Der Anspruch des Klägers auf Unterlassung der streitgegenständlichen Werbeaussagen für das Produkt "O" ergibt sich aus §§ 8 Abs. 1, 3, 4 Nr. 11 UWG i.V.m. § 11 Abs. 1 Nr. 2 LFGB, Artikel 3, 5, 10 HCVO.

Nach ständiger Rechtsprechung des Oberlandesgerichts Hamm (vgl. z.B. Urteil vom 13.12.2011, Aktenzeichen: 4 U 92/11, "Winter-Kapseln") kann die Frage, ob die HCVO gegenüber § 11 LFGB vorrangig ist, dahinstehen. Denn nach beiden Regelungen darf bei der Werbung für Lebensmittel, zu denen auch Nahrungsergänzungsmittel gehören, weder getäuscht werden, noch mit wissenschaftlich nicht hinreichend gesicherten Aussagen geworben werden.

Die Werbung der Beklagten für das Produkt "O" enthält gesundheitsbezogene Angaben. Dies ergibt sich bereits daraus, dass der Verzehr des Produkts ausdrücklich zur Entschlackung beitragen soll und diese wiederum "zur Aufrechterhaltung der Gesundheit€" empfohlen wird. Es wird darüber hinaus eine "neue Lebensenergie" versprochen. Schließlich wird ein Bezug zur Naturheilkunde hergestellt, auch die Heilung aus der Natur ist eng mit der Gesundheit verbunden.

Diese Angaben werden von dem maßgeblichen Teil der angesprochenen Verkehrskreise so verstanden, dass das Nahrungsergänzungsmittel auf körperliche Funktionen einwirke, indem es den Abbau/die Ausleitung von Stoffwechselprodukten unterstütze. Dass es sich hierbei um gesundheitsbezogene Angaben handelt, liegt damit auf der Hand.

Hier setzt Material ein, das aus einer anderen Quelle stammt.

(* Let $1\leq\delta\leq k$, let $V=\mathbb{F}_{q^k}\times\mathbb{F}_{q^k}$ viewed as a $2k$-dimensional $\mathbb{F}_q$-space, and let $\mathcal{G}=\mathcal{G}_{2k,k,\delta}$ be the set of all $\mathbb{F}_q$-subspaces $$G(a_0,\dots,a_{k-\delta})=\Big\{\big(x,\textstyle\sum_{i=0}^{k-\delta}a_ix^{q^i}\big):x\in\mathbb{F}_{q^k}\Big\},\qquad a_0,\dots,a_{k-\delta}\in\mathbb{F}_{q^k}.$$ Let $\perp$ denote orthogonality with respect to the nondegenerate $\mathbb{F}_q$-bilinear form $\langle(a,b),(x,y)\rangle=\mathrm{Tr}(ax+by)$, where $\mathrm{Tr}(z)=z+z^q+\dots+z^{q^{k-1}}$. Then there is an $\mathbb{F}_q$-linear bijection $\phi\colon V\to V$ with $\phi(X^\perp)\in\mathcal{G}$ for all $X\in\mathcal{G}$ and $\{\phi(X^\perp):X\in\mathcal{G}\}=\mathcal{G}$; consequently $\mathcal{G}$ is invariant under a correlation of the projective geometry $\mathrm{PG}(V)$. Moreover, every correlation of $\mathrm{PG}(V)$ mapping $\mathcal{G}$ onto itself fixes the subspace $S=\{0\}\times\mathbb{F}_{q^k}$.
   Context: A correlation of $\mathrm{PG}(V)$ is an inclusion-reversing bijection of the set of subspaces of $V$ induced by a semilinear map composed with taking orthogonal complements (equivalently, an inclusion-reversing bijection of the subspace lattice). Each element of $\mathcal{G}$ is a $k$-dimensional subspace. *)

theory Defs
  imports Main "HOL-Computational_Algebra.Primes"
begin

text \<open>The big field F_{q^k} is a finite field type 'a with CARD('a) = q^k;
  the subfield F_q is the set of fixed points of the q-th power map.\<close>

definition Fq :: "nat \<Rightarrow> 'a::{finite,field} set" where
  "Fq q = {c. c ^ q = c}"

definition vsmult :: "'a::field \<Rightarrow> 'a \<times> 'a \<Rightarrow> 'a \<times> 'a" where
  "vsmult c v = (c * fst v, c * snd v)"

definition vadd :: "'a::field \<times> 'a \<Rightarrow> 'a \<times> 'a \<Rightarrow> 'a \<times> 'a" where
  "vadd u v = (fst u + fst v, snd u + snd v)"

definition fq_subspace :: "nat \<Rightarrow> ('a::{finite,field} \<times> 'a) set \<Rightarrow> bool" where
  "fq_subspace q U \<longleftrightarrow> (0, 0) \<in> U \<and> (\<forall>u\<in>U. \<forall>w\<in>U. vadd u w \<in> U)
     \<and> (\<forall>c\<in>Fq q. \<forall>u\<in>U. vsmult c u \<in> U)"

definition fq_linear :: "nat \<Rightarrow> ('a::{finite,field} \<times> 'a \<Rightarrow> 'a \<times> 'a) \<Rightarrow> bool" where
  "fq_linear q f \<longleftrightarrow> (\<forall>u w. f (vadd u w) = vadd (f u) (f w))
     \<and> (\<forall>c\<in>Fq q. \<forall>u. f (vsmult c u) = vsmult c (f u))"

definition trace :: "nat \<Rightarrow> nat \<Rightarrow> 'a::field \<Rightarrow> 'a" where
  "trace q k z = (\<Sum>i<k. z ^ (q ^ i))"

definition bform :: "nat \<Rightarrow> nat \<Rightarrow> 'a::field \<times> 'a \<Rightarrow> 'a \<times> 'a \<Rightarrow> 'a" where
  "bform q k u v = trace q k (fst u * fst v + snd u * snd v)"

definition perp :: "nat \<Rightarrow> nat \<Rightarrow> ('a::field \<times> 'a) set \<Rightarrow> ('a \<times> 'a) set" where
  "perp q k X = {v. \<forall>u\<in>X. bform q k u v = 0}"

definition gsub :: "nat \<Rightarrow> nat \<Rightarrow> nat \<Rightarrow> (nat \<Rightarrow> 'a::field) \<Rightarrow> ('a \<times> 'a) set" where
  "gsub q k \<delta> a = {(x, \<Sum>i\<le>k - \<delta>. a i * x ^ (q ^ i)) | x. True}"

definition Gcode :: "nat \<Rightarrow> nat \<Rightarrow> nat \<Rightarrow> ('a::field \<times> 'a) set set" where
  "Gcode q k \<delta> = {gsub q k \<delta> a | a. True}"

definition subspaces :: "nat \<Rightarrow> ('a::{finite,field} \<times> 'a) set set" where
  "subspaces q = {U. fq_subspace q U}"

definition correlation :: "nat \<Rightarrow> (('a::{finite,field} \<times> 'a) set \<Rightarrow> ('a \<times> 'a) set) \<Rightarrow> bool" where
  "correlation q c \<longleftrightarrow> bij_betw c (subspaces q) (subspaces q)
     \<and> (\<forall>U\<in>subspaces q. \<forall>W\<in>subspaces q. U \<subseteq> W \<longleftrightarrow> c W \<subseteq> c U)"

end

theory Submission
  imports Defs "HOL-Number_Theory.Residues" "HOL-Computational_Algebra.Polynomial"
begin

text \<open>
  The adjoint of the linearized polynomial f(x) = sum_i a_i x^(q^i) with respect to the form
  (x, y) |-> Tr(x y) is f*(y) = sum_i (a_i y)^(q^(k-i)), because Tr is invariant under Frobenius.
  Hence G(a)^perp = {(-f*(y), y)}, and phi(x, y) = (y^(q^delta), -x) maps it onto G(a') with
  a'_j = a_(k-delta-j)^(q^(delta+j)); as Frobenius is bijective, every member of the family
  arises in this way. Counting gives |W| |W^perp| = |V| for every subspace W, so W^perp^perp = W
  and X |-> phi(X^perp) is a correlation.

  For the last claim note that S = {0} x F is the largest subspace meeting every member of the
  family trivially, since a vector (x, y) with x ~= 0 lies in G(y/x, 0, ..., 0). A correlation
  preserving the family therefore maps S to the smallest subspace that spans V together with
  every member of the family; this subspace does not depend on the correlation, and the
  correlation X |-> phi(X^perp) fixes S.
\<close>

lemma power_card_UNIV_eq_self:
  fixes x :: "'a::{finite,field}"
  shows "x ^ card (UNIV :: 'a set) = x"
proof (cases "x = 0")
  case False
  define N where "N = UNIV - {0::'a}"
  have "x ^ card N * \<Prod>N = (\<Prod>y\<in>N. x * y)"
    by (simp add: prod.distrib)
  also have "\<dots> = \<Prod>N"
    by (rule prod.reindex_bij_witness[of _ "\<lambda>y. y / x" "\<lambda>y. x * y"]) (use False in \<open>auto simp: N_def\<close>)
  finally have "x ^ card N = 1"
    by (simp add: N_def)
  moreover have "card (UNIV :: 'a set) = Suc (card N)"
    using finite_UNIV_card_ge_0[where 'a='a] by (simp add: N_def card_Diff_singleton)
  ultimately show ?thesis
    by simp
qed (simp add: power_0_left finite_UNIV_card_ge_0)

lemma two_le_card_UNIV: "2 \<le> card (UNIV :: 'a::{finite,field} set)"
  using card_mono[of UNIV "{0::'a, 1}"] by simp

lemma prime_CHAR_finite_field: "prime CHAR('a::{finite,field})"
  by (rule prime_CHAR_semidom) (simp add: finite_imp_CHAR_pos)

lemma CHAR_eq_prime_of_card_UNIV:
  assumes "prime p" "card (UNIV :: 'a::{finite,field} set) = p ^ n"
  shows "CHAR('a) = p"
proof -
  have "CHAR('a) dvd p ^ n"
    using CHAR_dvd_CARD[where 'a='a] assms(2) by simp
  then have "CHAR('a) dvd p"
    using prime_CHAR_finite_field prime_dvd_power by blast
  then show ?thesis
    using prime_CHAR_finite_field assms(1) primes_dvd_imp_eq by blast
qed

lemma Fq_one: "(1::'a::{finite,field}) \<in> Fq q"
  by (simp add: Fq_def)

lemma Fq_mult: "(a::'a::{finite,field}) \<in> Fq q \<Longrightarrow> b \<in> Fq q \<Longrightarrow> a * b \<in> Fq q"
  by (simp add: Fq_def power_mult_distrib)

lemma Fq_divide: "a \<in> Fq q \<Longrightarrow> b \<in> Fq q \<Longrightarrow> (a::'a::{finite,field}) / b \<in> Fq q"
  by (simp add: Fq_def power_divide)

lemma Fq_power_q_power: "c \<in> Fq q \<Longrightarrow> c ^ (q ^ i) = c"
  by (induction i) (simp_all add: Fq_def power_mult)

lemma vadd_Pair [simp]: "vadd (a, b) (c, d) = (a + c, b + d)"
  by (simp add: vadd_def)

lemma vsmult_Pair [simp]: "vsmult c (a, b) = (c * a, c * b)"
  by (simp add: vsmult_def)

lemma bform_Pair: "bform q k (a, b) (c, d) = trace q k (a * c + b * d)"
  by (simp add: bform_def)

lemma fq_subspace_Int:
  "fq_subspace q U \<Longrightarrow> fq_subspace q W \<Longrightarrow> fq_subspace q (U \<inter> W)"
  unfolding fq_subspace_def by blast

lemma fq_linear_zero:
  assumes "fq_linear q f"
  shows "f (0, 0) = (0, 0)"
proof -
  obtain a b where ab: "f (0, 0) = (a, b)"
    by fastforce
  have "f (0, 0) = vadd (f (0, 0)) (f (0, 0))"
    using assms unfolding fq_linear_def by (metis add_0 vadd_Pair)
  then show ?thesis
    unfolding ab by (metis add_cancel_right_right vadd_Pair prod.inject)
qed

lemma fq_subspace_image:
  assumes f: "fq_linear q f" and U: "fq_subspace q U"
  shows "fq_subspace q (f ` U)"
  unfolding fq_subspace_def
proof (intro conjI ballI)
  show "(0, 0) \<in> f ` U"
    using U fq_linear_zero[OF f] unfolding fq_subspace_def by force
next
  fix u w assume "u \<in> f ` U" "w \<in> f ` U"
  then obtain u' w' where "u' \<in> U" "w' \<in> U" "u = f u'" "w = f w'"
    by blast
  then show "vadd u w \<in> f ` U"
    using f U unfolding fq_linear_def fq_subspace_def by (metis image_eqI)
next
  show "vsmult c u \<in> f ` U" if c: "c \<in> Fq q" and "u \<in> f ` U" for c u
  proof -
    obtain u' where "u' \<in> U" "u = f u'"
      using \<open>u \<in> f ` U\<close> by blast
    moreover have "vsmult c u' \<in> U" and "f (vsmult c u') = vsmult c (f u')"
      using c \<open>u' \<in> U\<close> f U unfolding fq_linear_def fq_subspace_def by blast+
    ultimately show ?thesis
      by (metis image_eqI)
  qed
qed

lemma fq_subspace_vimage:
  assumes f: "fq_linear q f" and U: "fq_subspace q U"
  shows "fq_subspace q (f -` U)"
  using U fq_linear_zero[OF f] f unfolding fq_subspace_def fq_linear_def by (simp add: vimage_def)

lemma perp_antimono: "X \<subseteq> Y \<Longrightarrow> perp q k Y \<subseteq> perp q k X"
  by (auto simp: perp_def)

definition plus_line :: "nat \<Rightarrow> ('a::{finite,field} \<times> 'a) set \<Rightarrow> 'a \<times> 'a \<Rightarrow> ('a \<times> 'a) set" where
  "plus_line q W v = {vadd w (vsmult c v) | w c. w \<in> W \<and> c \<in> Fq q}"

lemma plus_line_subset:
  "fq_subspace q U \<Longrightarrow> W \<subseteq> U \<Longrightarrow> v \<in> U \<Longrightarrow> plus_line q W v \<subseteq> U"
  unfolding plus_line_def fq_subspace_def by blast

section \<open>Antitone bijections of a lattice of sets\<close>

text \<open>
  In the lattice L, W meets every member of G in the bottom element (resp. joins it to the top
  element); both are phrased through bounds, so L need not be closed under meets and joins.
\<close>

definition meets_bot :: "'b set set \<Rightarrow> 'b set set \<Rightarrow> 'b set \<Rightarrow> bool" where
  "meets_bot L G W \<longleftrightarrow> (\<forall>X\<in>G. \<forall>Z\<in>L. Z \<subseteq> W \<longrightarrow> Z \<subseteq> X \<longrightarrow> (\<forall>Z'\<in>L. Z \<subseteq> Z'))"

definition joins_top :: "'b set set \<Rightarrow> 'b set set \<Rightarrow> 'b set \<Rightarrow> bool" where
  "joins_top L G W \<longleftrightarrow> (\<forall>X\<in>G. \<forall>Z\<in>L. W \<subseteq> Z \<longrightarrow> X \<subseteq> Z \<longrightarrow> (\<forall>Z'\<in>L. Z' \<subseteq> Z))"

lemma antitone_bij_joins_top_iff_meets_bot:
  assumes c: "bij_betw c L L" "\<forall>U\<in>L. \<forall>W\<in>L. U \<subseteq> W \<longleftrightarrow> c W \<subseteq> c U"
    and G: "G \<subseteq> L" "c ` G = G" and W: "W \<in> L"
  shows "joins_top L G (c W) \<longleftrightarrow> meets_bot L G W"
proof -
  have anti: "U \<subseteq> V \<longleftrightarrow> c V \<subseteq> c U" if "U \<in> L" "V \<in> L" for U V
    using c(2) that by blast
  show ?thesis
  proof
    assume top: "joins_top L G (c W)"
    show "meets_bot L G W"
      unfolding meets_bot_def
    proof (intro ballI impI)
      fix X Z Z' assume X: "X \<in> G" and Z: "Z \<in> L" "Z \<subseteq> W" "Z \<subseteq> X" and Z': "Z' \<in> L"
      have "c W \<subseteq> c Z"
        using anti[OF Z(1) W] Z(2) by blast
      moreover have "c X \<subseteq> c Z"
        using anti[OF Z(1), of X] X G(1) Z(3) by blast
      moreover have "c X \<in> G"
        using X G(2) by (metis imageI)
      moreover have "c Z \<in> L" "c Z' \<in> L"
        using Z(1) Z' bij_betw_apply[OF c(1)] by auto
      ultimately have "c Z' \<subseteq> c Z"
        using top unfolding joins_top_def by blast
      then show "Z \<subseteq> Z'"
        using anti[OF Z(1) Z'] by simp
    qed
  next
    assume bot: "meets_bot L G W"
    show "joins_top L G (c W)"
      unfolding joins_top_def
    proof (intro ballI impI)
      fix Y Z Z' assume Y: "Y \<in> G" and Z: "Z \<in> L" "c W \<subseteq> Z" "Y \<subseteq> Z" and Z': "Z' \<in> L"
      obtain X where X: "X \<in> G" "Y = c X"
        using Y G(2) by (metis imageE)
      obtain Z0 Z1 where Z0: "Z0 \<in> L" "Z = c Z0" and Z1: "Z1 \<in> L" "Z' = c Z1"
        using Z(1) Z' bij_betw_imp_surj_on[OF c(1)] by (metis imageE)
      have "Z0 \<subseteq> W"
        using anti[OF Z0(1) W] Z0(2) Z(2) by blast
      moreover have "Z0 \<subseteq> X"
        using anti[OF Z0(1), of X] X G(1) Z0(2) Z(3) by blast
      ultimately have "Z0 \<subseteq> Z1"
        using bot X(1) Z0(1) Z1(1) unfolding meets_bot_def by blast
      then show "Z' \<subseteq> Z"
        using anti[OF Z0(1) Z1(1)] Z0(2) Z1(2) by simp
    qed
  qed
qed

Eine Vorlage an den Europäischen Gerichtshof ist nicht veranlasst, weil die Beklagte bereits nicht hinreichend dargelegt, erst recht nicht glaubhaft gemacht hat, dass es sich vorliegend um eine zulässige traditionelle gesundheitsbezogene Angabe handeln könnte. Dafür wäre es nämlich erforderlich, dass Produkte mit den Inhaltsstoffen, wie sie im Produkt der Beklagten enthalten sind, traditionell mit einer Wirkung bezeichnet werden, die vorliegend auch von der Beklagten werblich für das Produkt beansprucht werden kann. Dies ist der Kammer für den Begriff "Entschlackung" oder des "Entschlackungsmittels" nicht geläufig und von der Beklagten auch nicht weiter belegt worden.

Die Aussagen, dass das streitgegenständliche Produkt zur traditionellen Entschlackung beitrage, diese zur Aufrechterhaltung der Gesundheit regelmäßig empfohlen werde und neue Lebensenergie verschaffe, sind -dies wird von der Beklagten nicht in Abrede gestellt- wissenschaftlich nicht erwiesen. Im Gegenteil tendiert die Schulmedizin heute überwiegend dahin, dass eine "Entschlackung" des Körpers bei einem gesunden Menschen nicht erforderlich sei, sondern sogar schädlich sein könne. Insoweit wird auf die vom Kläger zur Klage eingereichten Anlagen Bezug genommen. Es ist insbesondere auch nicht erwiesen, dass die Inhaltsstoffe des streitgegenständlichen Produktes insoweit auf den Körper einwirken können und dies zu neuer Lebensenergie führen kann. Hinzu kommt, dass sich nach heutiger wissenschaftlicher Erkenntnis in einem gesunden Körper keine Schlacken und Gifte bilden, die mittels bestimmter Nahrungsmittel ausgeleitet werden müssen.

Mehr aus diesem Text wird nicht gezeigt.